This blog follows the launch of the new book Border Cities and Territorial Development
The new book focuses on territorial development processes associated with border cities. In this light, the 12 chapters cut across not only economic, but also governance and cross-border planning processes and innovation, in both European and North American border cities, thus providing the reader with a holistic and territorial panorama of their importance to the development of the surrounding regions.
Main goals
In essence, this book is concerned with the analysis of the role of border cities to promote territorial development processes in border regions across the world. It embraces not only the fields of regional and urban studies, but also addresses territorial (urban, regional, local) development and planning theories, as well as the effects of development policies applied to border regions in both Europe and North America. In this light, this book offers a full toolkit of territorial development knowledge for border regions, and advances a range of policy development proposals aiming to provide a comprehensive introduction to contemporary thinking about border cities.
Its main themes analyze urban and regional development, as well as planning processes and policies, and their effects in border regions. In short, the following main objectives are to:
- Highlight the potential role border cities have in the territorial development processes of border regions across the world;
- Provide academics, students and policymakers with a thorough understanding of current debates around territorial development processes in border regions;
- Offer a roadmap for territorial development theories and strategic policy guidelines, by providing evidence-based narratives of how border regions have been promoting territorial development and how these processes can be enhanced;
- Introduce academics, students and policymakers, to a range of policy strategies essential to promote positive territorial development trends in border regions;
- Fill a gap in the existing literature on how urban areas located in border regions have contributed to their positive territorial development process;
- Provide a wealth of updated analysis of border cities, based on several case-studies covering north, south, west and eastern European borders (Denmark, Germany, Portugal, Spain, United Kingdom, Ireland, France, Luxembourg, Switzerland, Sweden, Norway, Hungary, and Slovakia) and the two North American borders (USA, Canada and Mexico).
- Set the agenda for future work on border cities and their roles in border regional development;
- Provide an update on what has been going on in key border regions, and show the value of multidisciplinary approaches to this subject matter.
Contribution to current literature
Considering these goals, this book fills a gap in available literature on urban and regional studies as well as border regions. Following from the main conclusions of the EU ‘Boosting growth and cohesion in EU border regions’ initiative, border regions are mainly peripheral and lagging areas within a national context. However, they have the potential to be transformed into areas of growth and opportunities.
Such territorial development is generically understood as positive change in economic competitiveness, social cohesion, environmental sustainability, territorial governance and spatial planning processes, during a certain period, in a given territory. This requires not only a systematic reduction of all sorts of border barriers, but also a harmonization of legal-administrative procedures to increase trade, freedom of movement and, ultimately, local cross-border interaction.
Being the anchors of territorial development, cities and, in this case, border cities, play a vital role in stimulating economic activity, institutional cooperation, cross-border planning processes, and access to public services (e.g. hospitals, universities) for inhabitants living on both sides of the border.
In this context, this book provides the reader an almost complete set of case-studies from Europe and North America on how border cities have been implementing cross-border cooperation processes, with a view to developing their border region.

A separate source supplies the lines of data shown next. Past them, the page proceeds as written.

definition integrable_selections ::
  "'a measure \<Rightarrow> ('a \<Rightarrow> 'b::{banach, second_countable_topology} set) \<Rightarrow> ('a \<Rightarrow> 'b) set" where
  "integrable_selections M X = {x. integrable M x \<and> (AE \<omega> in M. x \<omega> \<in> X \<omega>)}"

definition aumann_integral ::
  "'a measure \<Rightarrow> ('a \<Rightarrow> 'b::{banach, second_countable_topology} set) \<Rightarrow> 'b set" where
  "aumann_integral M X = (\<lambda>x. integral\<^sup>L M x) ` integrable_selections M X"

end

theory Submission
  imports Defs
begin

text \<open>
  If the Aumann integral of X is the singleton {a}, all integrable selections of X
  must agree almost everywhere: gluing two selections g and x along an arbitrary
  measurable set A gives another selection, so the integral of g - x over every A
  vanishes, which forces g = x a.e. since the (finite) measure is sigma-finite.  On the other hand, a Kuratowski--Ryll-Nardzewski type construction
  produces, for every ball B(d k, r) around a point of a dense sequence, a measurable
  selection that lies within 3r of d k wherever X meets that ball.  Such a selection
  must coincide a.e. with a fixed selection x, so a.e. X never meets a small ball far
  from x; by separability this forces X = {x} a.e.  The converse direction is
  immediate, since then every integrable selection equals x a.e.
\<close>

lemma dense_sequence_exists:
  obtains d :: "nat \<Rightarrow> 'b::{metric_space, second_countable_topology}"
  where "\<And>y r. 0 < r \<Longrightarrow> \<exists>k. dist (d k) y < r"
proof -
  obtain D :: "'b set" where D: "countable D" "\<And>U. open U \<Longrightarrow> U \<noteq> {} \<Longrightarrow> \<exists>d\<in>D. d \<in> U"
    by (erule countable_dense_setE)
  have "\<exists>k. dist (from_nat_into D k) y < r" if "0 < r" for y r
  proof -
    obtain z where z: "z \<in> D" "z \<in> ball y r" using D(2)[of "ball y r"] \<open>0 < r\<close> by auto
    have "from_nat_into D (to_nat_on D z) = z" using D(1) z(1) by simp
    then show ?thesis using z(2) by (metis dist_commute mem_ball)
  qed
  then show ?thesis by (rule that)
qed

lemma effros_hit_measurable:
  assumes "effros_measurable M X" and "open U"
  shows "(\<lambda>\<omega>. X \<omega> \<inter> U \<noteq> {}) \<in> M \<rightarrow>\<^sub>M count_space UNIV"
  using assms unfolding effros_measurable_def pred_def by simp

lemma geometric_steps_convergent:
  fixes s :: "nat \<Rightarrow> 'b::complete_space"
  assumes step: "\<And>n. dist (s (Suc n)) (s n) \<le> c / 2 ^ Suc n"
  shows "convergent s" and "dist (lim s) (s 0) \<le> c"
proof -
  have tail: "dist (s (n + k)) (s n) \<le> c / 2 ^ n - c / 2 ^ (n + k)" for n k
  proof (induction k)
    case (Suc k)
    have "dist (s (n + Suc k)) (s n) \<le> dist (s (Suc (n + k))) (s (n + k)) + dist (s (n + k)) (s n)"
      by (simp add: dist_triangle)
    also have "\<dots> \<le> c / 2 ^ Suc (n + k) + (c / 2 ^ n - c / 2 ^ (n + k))"
      using step[of "n + k"] Suc by linarith
    also have "\<dots> = c / 2 ^ n - c / 2 ^ (n + Suc k)" by (simp add: field_simps)
    finally show ?case .
  qed simp
  have "0 \<le> c" using order_trans[OF zero_le_dist step[of 0]] by simp
  then have close: "dist (s m) (s n) \<le> c / 2 ^ n" if "n \<le> m" for m n
  proof -
    have "0 \<le> c / 2 ^ m" using \<open>0 \<le> c\<close> by simp
    then show ?thesis using tail[of n "m - n"] that by simp
  qed
  have "Cauchy s"
  proof (rule metric_CauchyI)
    fix r :: real assume "0 < r"
    obtain N where "2 * c / r < 2 ^ N" using real_arch_pow[of 2 "2 * c / r"] by auto
    then have N: "2 * (c / 2 ^ N) < r" using \<open>0 < r\<close> by (simp add: field_simps)
    have "dist (s m) (s n) < r" if "N \<le> m" "N \<le> n" for m n
      using dist_triangle2[of "s m" "s n" "s N"] close[OF that(1)] close[OF that(2)] N by linarith
    then show "\<exists>N. \<forall>m\<ge>N. \<forall>n\<ge>N. dist (s m) (s n) < r" by blast
  qed
  then show conv: "convergent s" by (simp add: Cauchy_convergent_iff)
  have "dist (s 0) (lim s) \<le> c"
    by (rule Lim_dist_ubound[OF _ conv[unfolded convergent_LIMSEQ_iff]])
      (use close[of 0] in \<open>auto simp: dist_commute\<close>)
  then show "dist (lim s) (s 0) \<le> c" by (simp add: dist_commute)
qed
lemma log_ratio_bounds_of_powr_exponent:
  fixes r :: "nat \<Rightarrow> nat" and f :: "nat \<Rightarrow> real"
  assumes "f \<longlonglongrightarrow> 0" and r_eq: "eventually (\<lambda>n. real (r n) = real n powr f n) sequentially"
  shows "0 < \<tau> \<Longrightarrow> eventually (\<lambda>n. ln (real (r n)) \<le> \<tau> * ln (real n / real (r n))) sequentially"
    and "eventually (\<lambda>n. \<Lambda>0 \<le> ln (real n / real (r n))) sequentially"
proof -
  have ln_eq: "eventually (\<lambda>n. ln (real (r n)) = f n * ln (real n)
                 \<and> ln (real n / real (r n)) = (1 - f n) * ln (real n) \<and> 0 \<le> ln (real n)) sequentially"
    using r_eq eventually_gt_at_top[of 0]
    by eventually_elim (simp add: ln_div ln_powr algebra_simps)
  show "eventually (\<lambda>n. ln (real (r n)) \<le> \<tau> * ln (real n / real (r n))) sequentially" if "0 < \<tau>"
  proof -
    have "eventually (\<lambda>n. f n < \<tau> / (1 + \<tau>)) sequentially"
      using \<open>f \<longlonglongrightarrow> 0\<close> by (rule order_tendstoD) (use that in simp)
    with ln_eq show ?thesis
    proof eventually_elim
      case (elim n)
      then have "f n * (1 + \<tau>) \<le> \<tau>" using that by (simp add: field_simps)
      then have "f n * ln (real n) \<le> \<tau> * ((1 - f n) * ln (real n))"
        using elim mult_right_mono[of "f n * (1 + \<tau>)" \<tau> "ln (real n)"] by (simp add: algebra_simps)
      then show ?case using elim by simp
    qed
  qed
  have "eventually (\<lambda>n. f n < 1/2) sequentially"
    using \<open>f \<longlonglongrightarrow> 0\<close> by (rule order_tendstoD) simp
  with ln_eq eventually_ge_ln_nat[of "2 * \<Lambda>0"]
  show "eventually (\<lambda>n. \<Lambda>0 \<le> ln (real n / real (r n))) sequentially"
  proof eventually_elim
    case (elim n)
    then have "ln (real n) / 2 \<le> (1 - f n) * ln (real n)"
      using mult_right_mono[of "1/2" "1 - f n" "ln (real n)"] by simp
    then show ?case using elim by simp
  qed
qed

From a policymaking perspective, the evidence can serve as a pool of best practice which could be replicated elsewhere.
Eduardo Medeiros is a Geography Professor and an Integrated Research Fellow in DINÂMIA’CET-IUL, Instituto Universitário de Lisboa, Portugal. He has a Ph.D. in Geography – Regional and Urban Planning, and around 200 publications, including more than 50 published papers in international journals, 11 books and 16 book chapters. He is a DG REGIO (European Commission) an ESPON and URBACT III expert, and a Horizon 2020 evaluator. He is also a Regional Studies Association Fellow. He has coordinated several international policy evaluation projects and was a member of DG REGIO and ESPON projects.